One question that arises is how much we want to trust the login agent. Ideally it would only be able to log people in, but here it has root access and can do anything.

Authentication Building Blocks

Cryptographic Hash Functions

h(k) = value --> This operation should be cheap
h^-1(value) = k --> This operation should be expensive

An example of a cryptographic hash function with these properties is the Secure Hash Algorithm (SHA-1, SHA-2).

Symmetric Encryption (Shared Private Key)

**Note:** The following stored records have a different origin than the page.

(* Let $d(z)=\sum_{k\ge 0} d_k z^{-k-1}$ be a (formal) Laurent series, and let $P(z)=\sum_{\alpha=0}^{m} c_{\alpha,1}z^\alpha$ and $Q(z)=\sum_{\alpha} c_{\alpha,0}z^\alpha$ be complex polynomials with $c_{m,1}\neq 0$ and $\deg Q<\deg P=m$, where $m\ge 1$. Let $h(z)=Q(z)/P(z)$, expanded as a Laurent series at $z=\infty$ in powers of $z^{-1}$. Define, for $(x,y)\in\mathbb Z_+^2$, $$\varphi(x,y):=\operatorname{Res}\Big\{d(\xi)\Big(\tfrac{Q(\xi)}{P(\xi)}\Big)^y\xi^x\Big\}.$$ Then a double sequence $\{r(x,y)\}_{(x,y)\in\mathbb Z_+^2}$ of complex numbers is the rational Riordan array associated with the pair $d(z)$, $h(z)=Q(z)/P(z)$ if and only if it is a solution of the following Cauchy problem: (i) for all $x\ge 0$, $y\ge 0$: $$\sum_{\alpha=0}^{m} c_{\alpha,1}\, r(x+\alpha,y+1)-\sum_{\alpha=0}^{m} c_{\alpha,0}\, r(x+\alpha,y)=0$$ (equivalently $[P(\delta_1)\delta_2-Q(\delta_1)]r(x,y)=0$, where $\delta_1 r(x,y)=r(x+1,y)$, $\delta_2 r(x,y)=r(x,y+1)$), with $c_{\alpha,0}:=0$ for $\alpha>\deg Q$; (ii) $r(x,y)=\varphi(x,y)$ for all $(x,y)\in\mathbb Z_+^2$ with $(x,y)\not\geqslant(m,1)$, i.e. with $x<m$ or $y=0$.
   Context: $\mathbb Z_+$ denotes the nonnegative integers. For a formal Laurent series in a variable $\xi$, $\operatorname{Res}$ denotes the coefficient of $\xi^{-1}$. Given formal Laurent series $d(z)=\sum_{k\ge0}d_kz^{-k-1}$ and $h(z)=\sum_{k\ge0}h_kz^{-k-1}$, the Riordan array associated with the pair $d,h$ is the double sequence $\{r(x,y)\}_{(x,y)\in\mathbb Z_+^2}$ whose generating function $\mathcal D(z,w)=\sum_{(x,y)\in\mathbb Z_+^2} r(x,y)z^{-x-1}w^{-y-1}$ equals $\frac{d(z)}{w-h(z)}:=\sum_{y\ge0} d(z)h(z)^y w^{-y-1}$; equivalently $r(x,y)=\operatorname{Res}\{d(z)h(z)^yz^x\}$. It is called rational if $h(z)$ is the expansion at $z=\infty$ of a rational function $Q(z)/P(z)$ with $P,Q$ as in the statement. For $(x,y),(a,b)\in\mathbb Z_+^2$, $(x,y)\geqslant(a,b)$ means $x\ge a$ and $y\ge b$. *)

theory Defs
  imports "HOL-Computational_Algebra.Computational_Algebra"
begin

(* Formal Laurent series "at z = infinity" (in powers of z^{-1}) are represented as
   library formal Laurent series (type complex fls) in the variable t = z^{-1}.
   Thus z^k corresponds to fls_X_intpow (-k), and the coefficient of z^{-1}
   is the coefficient of t^1. *)

definition zpow :: "int \<Rightarrow> complex fls" where
  "zpow k = fls_X_intpow (- k)"

definition Res_inf :: "complex fls \<Rightarrow> complex" where
  "Res_inf f = fls_nth f 1"

(* the Laurent series sum_{k>=0} a_k z^{-k-1} *)
definition lser :: "(nat \<Rightarrow> complex) \<Rightarrow> complex fls" where
  "lser a = Abs_fls (\<lambda>n. if n \<ge> 1 then a (nat (n - 1)) else 0)"

definition poly_inf :: "complex poly \<Rightarrow> complex fls" where
  "poly_inf p = (\<Sum>\<alpha>\<le>degree p. fls_const (coeff p \<alpha>) * zpow (int \<alpha>))"

definition rat_inf :: "complex poly \<Rightarrow> complex poly \<Rightarrow> complex fls" where
  "rat_inf Q P = poly_inf Q / poly_inf P"

definition riordan_array :: "complex fls \<Rightarrow> complex fls \<Rightarrow> nat \<Rightarrow> nat \<Rightarrow> complex" where
  "riordan_array d h x y = Res_inf (d * h ^ y * zpow (int x))"

end

theory Submission
  imports Defs
begin

text \<open>Multiplying \<open>h = Q/P\<close> by \<open>P\<close> and taking residues shows that the Riordan array satisfies
  \<open>[P(\<delta>\<^sub>1)\<delta>\<^sub>2 - Q(\<delta>\<^sub>1)] r = 0\<close>, since multiplication by \<open>z\<^sup>\<alpha>\<close> inside the residue is the shift
  \<open>\<delta>\<^sub>1\<^sup>\<alpha>\<close>. Conversely, as the leading coefficient of \<open>P\<close> is nonzero, the recurrence determines
  \<open>r(x + m, y + 1)\<close> from values with smaller \<open>x\<close> or smaller \<open>y\<close>, so a solution is fixed by its
  values where \<open>x < m\<close> or \<open>y = 0\<close>.\<close>

lemma zpow_add: "zpow (a + b) = zpow a * zpow b"
  unfolding zpow_def using fls_X_intpow_times_fls_X_intpow[of "-a" "-b", where 'a=complex]
  by simp

lemma poly_inf_eq_sum:
  assumes "degree p \<le> n"
  shows "poly_inf p = (\<Sum>\<alpha>\<le>n. fls_const (coeff p \<alpha>) * zpow (int \<alpha>))"
  unfolding poly_inf_def
proof (rule sum.mono_neutral_left)
  show "\<forall>i\<in>{..n} - {..degree p}. fls_const (coeff p i) * zpow (int i) = 0"
    by (auto simp: coeff_eq_0)
qed (use assms in auto)

lemma fls_nth_poly_inf: "fls_nth (poly_inf p) (- int k) = coeff p k"
proof -
  have "fls_nth (poly_inf p) (- int k)
      = (\<Sum>\<alpha>\<le>max k (degree p). coeff p \<alpha> * (if \<alpha> = k then 1 else 0))"
    by (simp add: poly_inf_eq_sum[of p "max k (degree p)"] fls_nth_sum zpow_def)
  also have "\<dots> = coeff p k"
    by (simp add: if_distrib eq_commute[of _ k] sum.delta cong: if_cong)
  finally show ?thesis .
qed

lemma poly_inf_eq_0_iff [simp]: "poly_inf p = 0 \<longleftrightarrow> p = 0"
  using fls_nth_poly_inf[of p "degree p"] by (auto simp: poly_inf_def)

lemma rat_inf_times_poly_inf: "P \<noteq> 0 \<Longrightarrow> rat_inf Q P * poly_inf P = poly_inf Q"
  by (simp add: rat_inf_def)

lemma Res_inf_times_poly_inf:
  assumes "degree p \<le> m"
  shows "Res_inf (A * zpow (int x) * poly_inf p)
       = (\<Sum>\<alpha>\<le>m. coeff p \<alpha> * Res_inf (A * zpow (int (x + \<alpha>))))"
proof -
  have "A * zpow (int x) * poly_inf p
      = (\<Sum>\<alpha>\<le>m. fls_const (coeff p \<alpha>) * (A * zpow (int (x + \<alpha>))))"
    by (simp add: poly_inf_eq_sum[OF assms] sum_distrib_left zpow_add mult_ac)
  then show ?thesis
    by (simp add: Res_inf_def fls_nth_sum)
qed

lemma riordan_array_recurrence:
  assumes "h * poly_inf P = poly_inf Q" and "degree P \<le> m" and "degree Q \<le> m"
  shows "(\<Sum>\<alpha>\<le>m. coeff P \<alpha> * riordan_array d h (x + \<alpha>) (y + 1))
       = (\<Sum>\<alpha>\<le>m. coeff Q \<alpha> * riordan_array d h (x + \<alpha>) y)"
proof -
  have "(\<Sum>\<alpha>\<le>m. coeff P \<alpha> * riordan_array d h (x + \<alpha>) (y + 1))
      = Res_inf (d * h ^ (y + 1) * zpow (int x) * poly_inf P)"
    unfolding riordan_array_def by (rule Res_inf_times_poly_inf[symmetric]) fact
  also have "\<dots> = Res_inf (d * h ^ y * zpow (int x) * poly_inf Q)"
    by (simp add: assms(1)[symmetric] mult_ac)
  also have "\<dots> = (\<Sum>\<alpha>\<le>m. coeff Q \<alpha> * riordan_array d h (x + \<alpha>) y)"
    unfolding riordan_array_def by (rule Res_inf_times_poly_inf) fact
  finally show ?thesis .
qed

lemma recurrence_solution_unique:
  fixes r s :: "nat \<Rightarrow> nat \<Rightarrow> 'a::field" and a b :: "nat \<Rightarrow> 'a"
  assumes "a m \<noteq> 0"
    and rec_r: "\<And>x y. (\<Sum>\<alpha>\<le>m. a \<alpha> * r (x + \<alpha>) (y + 1)) = (\<Sum>\<alpha>\<le>m. b \<alpha> * r (x + \<alpha>) y)"
    and rec_s: "\<And>x y. (\<Sum>\<alpha>\<le>m. a \<alpha> * s (x + \<alpha>) (y + 1)) = (\<Sum>\<alpha>\<le>m. b \<alpha> * s (x + \<alpha>) y)"
    and init: "\<And>x y. x < m \<or> y = 0 \<Longrightarrow> r x y = s x y"
  shows "r = s"
proof -
  have "r x y = s x y" for x y
  proof (induction y arbitrary: x)
    case 0
    then show ?case by (simp add: init)
  next
    case (Suc y)
    show ?case
    proof (induction x rule: less_induct)
      case (less x)
      show ?case
      proof (cases "x < m")
        case True
        then show ?thesis by (simp add: init)
      next
        case False
        then obtain x0 where x: "x = x0 + m" by (metis add.commute le_add_diff_inverse not_less)
        have lower: "(\<Sum>\<alpha><m. a \<alpha> * r (x0 + \<alpha>) (Suc y)) = (\<Sum>\<alpha><m. a \<alpha> * s (x0 + \<alpha>) (Suc y))"
          by (rule sum.cong) (use less x in auto)
        have "(\<Sum>\<alpha>\<le>m. a \<alpha> * r (x0 + \<alpha>) (y + 1)) = (\<Sum>\<alpha>\<le>m. a \<alpha> * s (x0 + \<alpha>) (y + 1))"
          using rec_r[of x0 y] rec_s[of x0 y] by (simp add: Suc.IH)
        then have "a m * r x (Suc y) = a m * s x (Suc y)"
          by (simp add: lessThan_Suc_atMost[symmetric] lower x)
        with \<open>a m \<noteq> 0\<close> show ?thesis by simp
      qed
    qed
  qed
  then show ?thesis by blast
qed

theorem theorem1:
  fixes d :: "nat \<Rightarrow> complex" and P Q :: "complex poly" and m :: nat
    and r :: "nat \<Rightarrow> nat \<Rightarrow> complex"
  assumes "m \<ge> 1" and "degree P = m" and "coeff P m \<noteq> 0" and "degree Q < degree P"
  defines "\<phi> \<equiv> (\<lambda>x y. Res_inf (lser d * (rat_inf Q P) ^ y * zpow (int x)))"
  shows "(\<forall>x y. r x y = riordan_array (lser d) (rat_inf Q P) x y) \<longleftrightarrow>
         ((\<forall>x y. (\<Sum>\<alpha>\<le>m. coeff P \<alpha> * r (x + \<alpha>) (y + 1))
                   - (\<Sum>\<alpha>\<le>m. coeff Q \<alpha> * r (x + \<alpha>) y) = 0)
          \<and> (\<forall>x y. (x < m \<or> y = 0) \<longrightarrow> r x y = \<phi> x y))"
proof -
  define R where "R = riordan_array (lser d) (rat_inf Q P)"
  have "\<phi> = R"
    unfolding \<phi>_def R_def riordan_array_def by (intro ext) simp
  have rec_R: "(\<Sum>\<alpha>\<le>m. coeff P \<alpha> * R (x + \<alpha>) (y + 1)) = (\<Sum>\<alpha>\<le>m. coeff Q \<alpha> * R (x + \<alpha>) y)"
    for x y
    unfolding R_def using assms(2-4)
    by (intro riordan_array_recurrence rat_inf_times_poly_inf) auto
  show ?thesis
    unfolding R_def[symmetric] \<open>\<phi> = R\<close> right_minus_eq
  proof
    assume "\<forall>x y. r x y = R x y"
    then show "(\<forall>x y. (\<Sum>\<alpha>\<le>m. coeff P \<alpha> * r (x + \<alpha>) (y + 1))
                     = (\<Sum>\<alpha>\<le>m. coeff Q \<alpha> * r (x + \<alpha>) y))
             \<and> (\<forall>x y. (x < m \<or> y = 0) \<longrightarrow> r x y = R x y)"
      using rec_R by simp
  next
    assume "(\<forall>x y. (\<Sum>\<alpha>\<le>m. coeff P \<alpha> * r (x + \<alpha>) (y + 1))
                     = (\<Sum>\<alpha>\<le>m. coeff Q \<alpha> * r (x + \<alpha>) y))
             \<and> (\<forall>x y. (x < m \<or> y = 0) \<longrightarrow> r x y = R x y)"
    then have "r = R"
      by (intro recurrence_solution_unique[where a = "coeff P" and b = "coeff Q" and s = R, OF assms(3) _ rec_R]) auto
    then show "\<forall>x y. r x y = R x y" by simp
  qed
qed

end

Shared Private Key (K) - known to both sender and recipient
Message (M)

Given	Determining	Should Be
M, K	{M}^K	Easy
{M}^K, K	M	Easy
{M}	M	Hard
M, {M}^K	K	Hard

Asymmetric Encryption (Public Key)

Private Key (K) known only to recipient
Public Key (U) known to everyone
Message (M)

Given	Determining	Should Be
M, U	{M}^U	Easy
{M}^U, K	M	Easy
{M}^U, U	M	Hard
{M}^U, U	K	Hard
U	K	Hard

Hash-Based Message Authentication Code (HMAC)

Shared Secrete Key (K)
Send: sha1((K ^ pad₁) + sha1((K ^ pad₂) + M)) + M
Note: Simply sending sha1(K + M) + M is not sufficient because knowing sha1(x) it is relatively easy to guess sha1(x ^ d).

Multiphase Approach

A sends "{nonce_A + I'm A}^U_B" to B
B sends "{nonce_A + nonce_B + I'm B}^U_A" to A
A sends "{nonce_B + K}^U_B" to B

For the rest of this transaction A and B use the shared private key K for more efficient secure communication.
This approach is taken by the Secure Shell (SSH)
You can find your public key in .ssh/id_rsa.pub
You can find your private key in .ssh/id_rsa
You can find your list of known hosts in .ssh/known_hosts
SSH is usually used as a point to point protocol as it is somewhat awkward for larger networks and has a high setup cost O(n²).

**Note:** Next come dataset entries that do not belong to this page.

lemma measure_density_eq_set_integral:
  assumes "f \<in> borel_measurable M" "\<And>x. 0 \<le> f x" "A \<in> sets M"
  shows "measure (density M (\<lambda>x. ennreal (f x))) A = (LINT x:A|M. f x)"
proof -
  have "measure (density M (\<lambda>x. ennreal (f x))) A = enn2real (\<integral>\<^sup>+ x. ennreal (f x) * indicator A x \<partial>M)"
    unfolding measure_def using assms by (simp add: emeasure_density)
  also have "\<dots> = (LINT x:A|M. f x)"
    unfolding set_lebesgue_integral_def using assms
    by (subst integral_eq_nn_integral) (auto intro!: arg_cong[where f=enn2real] nn_integral_cong simp: indicator_def)
  finally show ?thesis .
qed

context real_distribution
begin

lemma ex_cdf_eq:
  assumes atomless: "\<And>x. measure M {x} = 0" and "0 < a" "a < 1"
  shows "\<exists>q. cdf M q = a"
proof -
  obtain x0 where x0: "cdf M x0 < a"
    using eventually_happens'[OF _ order_tendstoD(2)[OF cdf_lim_at_bot \<open>0 < a\<close>]] by auto
  obtain x1 where x1: "x0 \<le> x1" "a < cdf M x1"
    using eventually_happens'[OF _ eventually_conj[OF eventually_ge_at_top[of x0]
        order_tendstoD(1)[OF cdf_lim_at_top_prob \<open>a < 1\<close>]]] by auto
  have "continuous_on {x0..x1} (cdf M)"
    using atomless isCont_cdf by (intro continuous_at_imp_continuous_on) auto
  then show ?thesis using IVT'[of "cdf M" x0 a x1] x0 x1 by auto
qed

lemma measure_Ioi: "measure M {a<..} = 1 - cdf M a"
proof -
  have "{a<..} = space M - {..a}" by auto
  then show ?thesis using prob_compl[of "{..a}"] by (simp add: cdf_def)
qed

lemma measure_Ioc: "a \<le> b \<Longrightarrow> measure M {a<..b} = cdf M b - cdf M a"
  using cdf_diff_eq[of a b] by (cases "a = b") auto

Building a secure virtual network atop an untrusted network:
SSH for informal networks, popular in the academic world
IPsec for formal networks, popular in the corporate world

IPsec

Much more overhead in network infrastructure
Uses internal authorization within a virtual network
Uses external authorization to setup the virtual network

Covert Channel

Answers the following question:
Given process A and process B, is it possible for A and B to communicate if they have no network access and no common server?
Yes: through the idea of covert channel, process A can flood the network with activity, which process B will recognize and interpret as 1. A period of low activity is interpreted by process B as 0. In his way processes that should not be communicating can communicate.